Cour Administrative d'Appel de Nancy — Décision N° CAA54-23NC01139

mardi 7 octobre 2025

JuridictionCour Administrative d'Appel de Nancy
SectionCour Administrative d'Appel de Nancy
N° DossierCAA54-23NC01139
TypeDécision
Recoursexcès de pouvoir
PublicationC
Formation4ème chambre - formation à 3
Avocat requérantMAAMOURI

Texte intégral

Vu la procédure suivante :

Procédure contentieuse antérieure :

M. B... A... a demandé au tribunal administratif de Nancy d’annuler la décision du 9 juin 2022 par laquelle le directeur du Conseil national des activités privées de sécurité a refusé de lui délivrer une carte professionnelle d’agent de sécurité.

Par un jugement n° 2201769 du 23 mars 2023, le tribunal administratif de Nancy a annulé cette décision et a enjoint au directeur du Conseil national des activités privées de sécurité de lui délivrer une carte professionnelle en qualité d’agent privé de sécurité dans un délai de deux mois.

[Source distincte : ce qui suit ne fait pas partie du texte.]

definition weakly_Ramsey :: "nat \<Rightarrow> nat \<Rightarrow> 'a set \<Rightarrow> 'a set set \<Rightarrow> bool" where
  "weakly_Ramsey n t S W \<longleftrightarrow>
     (\<forall>(k::nat) (c :: 'a set \<Rightarrow> nat). (\<forall>X\<in>[S]\<^bsup>n\<^esup>. c X < k) \<longrightarrow>
        (\<exists>H\<in>W. card (c ` ([H]\<^bsup>n\<^esup>)) \<le> t))"

text \<open>Symbols: x_i = Inl i, y_i = Inr i for i in {1..n}.\<close>
definition type_symbols :: "nat \<Rightarrow> (nat + nat) set" where
  "type_symbols n = Inl ` {1..n} \<union> Inr ` {1..n}"

text \<open>n-types: linear pre-orders R (R(a,b) means a \<le> b) on the symbols with
  y_1 < ... < y_n strictly, x_i < y_i strictly, and distinct equivalent symbols both x's.\<close>
definition n_types :: "nat \<Rightarrow> (nat + nat) rel set" where
  "n_types n = {R. R \<subseteq> type_symbols n \<times> type_symbols n \<and>
     (\<forall>a\<in>type_symbols n. (a, a) \<in> R) \<and>
     (\<forall>a b c. (a, b) \<in> R \<and> (b, c) \<in> R \<longrightarrow> (a, c) \<in> R) \<and>
     (\<forall>a\<in>type_symbols n. \<forall>b\<in>type_symbols n. (a, b) \<in> R \<or> (b, a) \<in> R) \<and>
     (\<forall>i\<in>{1..n}. \<forall>j\<in>{1..n}. i < j \<longrightarrow> (Inr i, Inr j) \<in> R \<and> (Inr j, Inr i) \<notin> R) \<and>
     (\<forall>i\<in>{1..n}. (Inl i, Inr i) \<in> R \<and> (Inr i, Inl i) \<notin> R) \<and>
     (\<forall>a b. (a, b) \<in> R \<and> (b, a) \<in> R \<and> a \<noteq> b \<longrightarrow> (\<exists>i j. a = Inl i \<and> b = Inl j))}"

definition T :: "nat \<Rightarrow> nat" where
  "T n = card (n_types n)"

end

theory Submission
  imports Defs
begin

text \<open>Transport everything along an injection of S into the natural numbers. If f witnesses that W
  is not a P-point, let h z be the least element of the f-fibre of z. Then some G in W satisfies
  h z < z and h z \<notin> G for z in G, and every member of W contains infinitely many infinite
  h-fibres. Colour an (n+1)-set by its type under h (the relative order of its elements and their
  h-values), except when that type arises from an n-type by adding a top element whose h-value lies
  above everything else; then use the given colour of its n smallest elements. Inside a member of W
  contained in G every (n+1)-type is realised, so on a set that is homogeneous up to T(n+1) colours
  the remaining types leave room for at most T(n) colours of the given colouring.\<close>

section \<open>Ultrafilters and their images under bijections\<close>

lemma ultrafilter_on_subset: "ultrafilter_on S W \<Longrightarrow> A \<in> W \<Longrightarrow> A \<subseteq> S"
  by (auto simp: ultrafilter_on_def)

lemma ultrafilter_on_empty: "ultrafilter_on S W \<Longrightarrow> {} \<notin> W"
  by (simp add: ultrafilter_on_def)

lemma ultrafilter_on_Int: "ultrafilter_on S W \<Longrightarrow> A \<in> W \<Longrightarrow> B \<in> W \<Longrightarrow> A \<inter> B \<in> W"
  by (simp add: ultrafilter_on_def)

lemma ultrafilter_on_mono:
  "ultrafilter_on S W \<Longrightarrow> A \<in> W \<Longrightarrow> A \<subseteq> B \<Longrightarrow> B \<subseteq> S \<Longrightarrow> B \<in> W"
  unfolding ultrafilter_on_def by blast

lemma ultrafilter_on_Diff: "ultrafilter_on S W \<Longrightarrow> A \<subseteq> S \<Longrightarrow> A \<notin> W \<Longrightarrow> S - A \<in> W"
  unfolding ultrafilter_on_def by blast

lemma ultrafilter_on_finite_UN:
  assumes U: "ultrafilter_on S W" and "finite V"
    and "(\<Union>v\<in>V. F v) \<in> W" and "\<And>v. F v \<subseteq> S"
  shows "\<exists>v\<in>V. F v \<in> W"
  using assms(2,3)
proof (induction V)
  case empty
  then show ?case using ultrafilter_on_empty[OF U] by simp
next
  case (insert x V)
  show ?case
  proof (cases "F x \<in> W")
    case False
    then have "(\<Union>v\<in>insert x V. F v) \<inter> (S - F x) \<in> W"
      using insert.prems assms(4) U by (intro ultrafilter_on_Int ultrafilter_on_Diff) auto
    then have "(\<Union>v\<in>V. F v) \<in> W"
      by (rule ultrafilter_on_mono[OF U]) (use assms(4) in auto)
    then show ?thesis using insert.IH by blast
  qed simp
qed

lemma ultrafilter_on_image:
  assumes e: "bij_betw e S S'" and U: "ultrafilter_on S W"
  shows "ultrafilter_on S' ((`) e ` W)"
proof -
  have WS: "A \<in> W \<Longrightarrow> A \<subseteq> S" for A using U by (rule ultrafilter_on_subset)
  have inj: "inj_on e S" and S': "e ` S = S'" using e by (auto simp: bij_betw_def)
  have preimage: "B = e ` (S \<inter> e -` B)" if "B \<subseteq> S'" for B using that S' by auto
  show ?thesis
    unfolding ultrafilter_on_def
  proof (intro conjI allI impI)
    show "(`) e ` W \<subseteq> Pow S'" using WS S' by auto
    show "S' \<in> (`) e ` W" using U S' by (auto simp: ultrafilter_on_def)
    show "{} \<notin> (`) e ` W" using ultrafilter_on_empty[OF U] by auto
  next
    fix A' B' assume "A' \<in> (`) e ` W \<and> B' \<in> (`) e ` W"
    then obtain A B where "A \<in> W" "B \<in> W" "A' = e ` A" "B' = e ` B" by auto
    moreover have "e ` A \<inter> e ` B = e ` (A \<inter> B)"
      using inj_on_image_Int[OF inj WS[OF \<open>A \<in> W\<close>] WS[OF \<open>B \<in> W\<close>]] by simp
    ultimately show "A' \<inter> B' \<in> (`) e ` W" using ultrafilter_on_Int[OF U] by auto
  next
    fix A' B' assume "A' \<in> (`) e ` W \<and> A' \<subseteq> B' \<and> B' \<subseteq> S'"
    then obtain A where A: "A \<in> W" "e ` A \<subseteq> B'" "B' \<subseteq> S'" by auto
    then have "S \<inter> e -` B' \<in> W" using U WS by (intro ultrafilter_on_mono[OF U A(1)]) auto
    then show "B' \<in> (`) e ` W" using preimage[OF A(3)] by blast
  next
    fix A' assume A': "A' \<subseteq> S'"
    show "A' \<in> (`) e ` W \<or> S' - A' \<in> (`) e ` W"
    proof (cases "S \<inter> e -` A' \<in> W")
      case False
      then have "S - (S \<inter> e -` A') \<in> W" using U by (intro ultrafilter_on_Diff) auto
      moreover have "e ` (S - (S \<inter> e -` A')) = S' - A'" using S' by auto
      ultimately show ?thesis by blast
    qed (use preimage[OF A'] in blast)
  qed
qed

lemma P_point_of_image:
  assumes e: "bij_betw e S S'" and WS: "W \<subseteq> Pow S" and P: "P_point S' ((`) e ` W)"
  shows "P_point S W"
  unfolding P_point_def
proof
  fix f :: "'a \<Rightarrow> nat"
  have inj: "inj_on e S" using e by (simp add: bij_betw_def)
  have "\<exists>A'\<in>(`) e ` W. (\<forall>y. finite {x\<in>A'. (f \<circ> inv_into S e) x = y}) \<or>
      (\<exists>c. \<forall>x\<in>A'. (f \<circ> inv_into S e) x = c)"
    using P unfolding P_point_def by (rule spec)
  then obtain A' where "A' \<in> (`) e ` W" and A':
    "(\<forall>y. finite {x\<in>A'. f (inv_into S e x) = y}) \<or> (\<exists>c. \<forall>x\<in>A'. f (inv_into S e x) = c)"
    by auto
  then obtain A where A: "A \<in> W" and "A' = e ` A" by blast
  have AS: "A \<subseteq> S" using A WS by auto
  have fibre: "{x\<in>e ` A. f (inv_into S e x) = y} = e ` {x\<in>A. f x = y}" for y
    using AS inv_into_f_f[OF inj] by (auto simp: subset_iff)
  have "finite {x\<in>A. f x = y}" if "finite (e ` {x\<in>A. f x = y})" for y
    using that inj_on_subset[OF inj, of "{x\<in>A. f x = y}"] AS finite_image_iff by blast
  then have "(\<forall>y. finite {x\<in>A. f x = y}) \<or> (\<exists>c. \<forall>x\<in>A. f x = c)"
    using A' AS inv_into_f_f[OF inj] unfolding \<open>A' = e ` A\<close> fibre by (auto simp: subset_iff)
  then show "\<exists>A\<in>W. (\<forall>y. finite {x\<in>A. f x = y}) \<or> (\<exists>c. \<forall>x\<in>A. f x = c)"
    using A by blast
qed

lemma weakly_Ramsey_image:
  assumes e: "bij_betw e S S'" and WS: "W \<subseteq> Pow S" and R: "weakly_Ramsey n t S W"
  shows "weakly_Ramsey n t S' ((`) e ` W)"
  unfolding weakly_Ramsey_def
proof (intro allI impI)
  fix k and c :: "'b set \<Rightarrow> nat"
  assume c: "\<forall>X\<in>[S']\<^bsup>n\<^esup>. c X < k"
  have nsets: "[e ` A]\<^bsup>n\<^esup> = (`) e ` [A]\<^bsup>n\<^esup>" if "A \<subseteq> S" for A
  proof -
    have "inj_on e A" using e that by (auto simp: bij_betw_def intro: inj_on_subset)
    then show ?thesis using bij_betw_nsets[of e A "e ` A" n] by (simp add: bij_betw_def)
  qed
  have "\<forall>X\<in>[S]\<^bsup>n\<^esup>. (c \<circ> (`) e) X < k"
  proof
    fix X assume "X \<in> [S]\<^bsup>n\<^esup>"
    then have "e ` X \<in> [S']\<^bsup>n\<^esup>" using nsets[of S] e by (simp add: bij_betw_def)
    then show "(c \<circ> (`) e) X < k" using c by simp
  qed
  then obtain H where H: "H \<in> W" "card ((c \<circ> (`) e) ` [H]\<^bsup>n\<^esup>) \<le> t"
    using R unfolding weakly_Ramsey_def by blast
  have "c ` [e ` H]\<^bsup>n\<^esup> = (c \<circ> (`) e) ` [H]\<^bsup>n\<^esup>"
    using nsets[of H] H(1) WS by (simp add: image_comp subset_iff)
  then show "\<exists>H'\<in>(`) e ` W. card (c ` [H']\<^bsup>n\<^esup>) \<le> t"
    using H by (intro bexI[of _ "e ` H"]) simp_all
qed

lemma weakly_Ramsey_image_iff:
  assumes e: "bij_betw e S S'" and WS: "W \<subseteq> Pow S"
  shows "weakly_Ramsey n t S' ((`) e ` W) \<longleftrightarrow> weakly_Ramsey n t S W"
proof
  have inj: "inj_on e S" using e by (simp add: bij_betw_def)
  have "(`) (inv_into S e) ` (`) e ` W = (\<lambda>A. A) ` W"
    unfolding image_comp using inv_into_image_cancel[OF inj] WS by (intro image_cong) auto
  then have "(`) (inv_into S e) ` (`) e ` W = W" by simp
  moreover have "(`) e ` W \<subseteq> Pow S'" using e WS by (auto simp: bij_betw_def)
  ultimately show "weakly_Ramsey n t S' ((`) e ` W) \<Longrightarrow> weakly_Ramsey n t S W"
    using weakly_Ramsey_image[OF bij_betw_inv_into[OF e], of "(`) e ` W"] by simp
qed (rule weakly_Ramsey_image[OF e WS])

Procédure devant la cour :

Par une requête enregistrée le 11 avril 2023, le Conseil national des activités privées de sécurité, représenté par Me Claisse de la SELARL Centaure Avocats, demande à la cour :

1°) d’annuler ce jugement du 23 mars 2023 ;

2°) de rejeter la demande de première instance de M. A... ;

3°) de mettre à la charge de M. A... une somme de 1 000 euros sur le fondement des dispositions de l’article L. 761-1 du code de justice administrative.

Il soutient que :

- le jugement est irrégulier en ce que la minute ne comporte pas les signatures requises par l’article R. 741-7 du code de justice administrative ;

- c’est à tort que le tribunal a annulé la décision du 9 juin 2022 au motif qu’il ne ressortait pas des pièces du dossier que les faits opposés à M. A... seraient incompatibles avec l’exercice de ses fonctions ;

- aucun des autres moyens présentés en première instance par M. A... n’est fondé. 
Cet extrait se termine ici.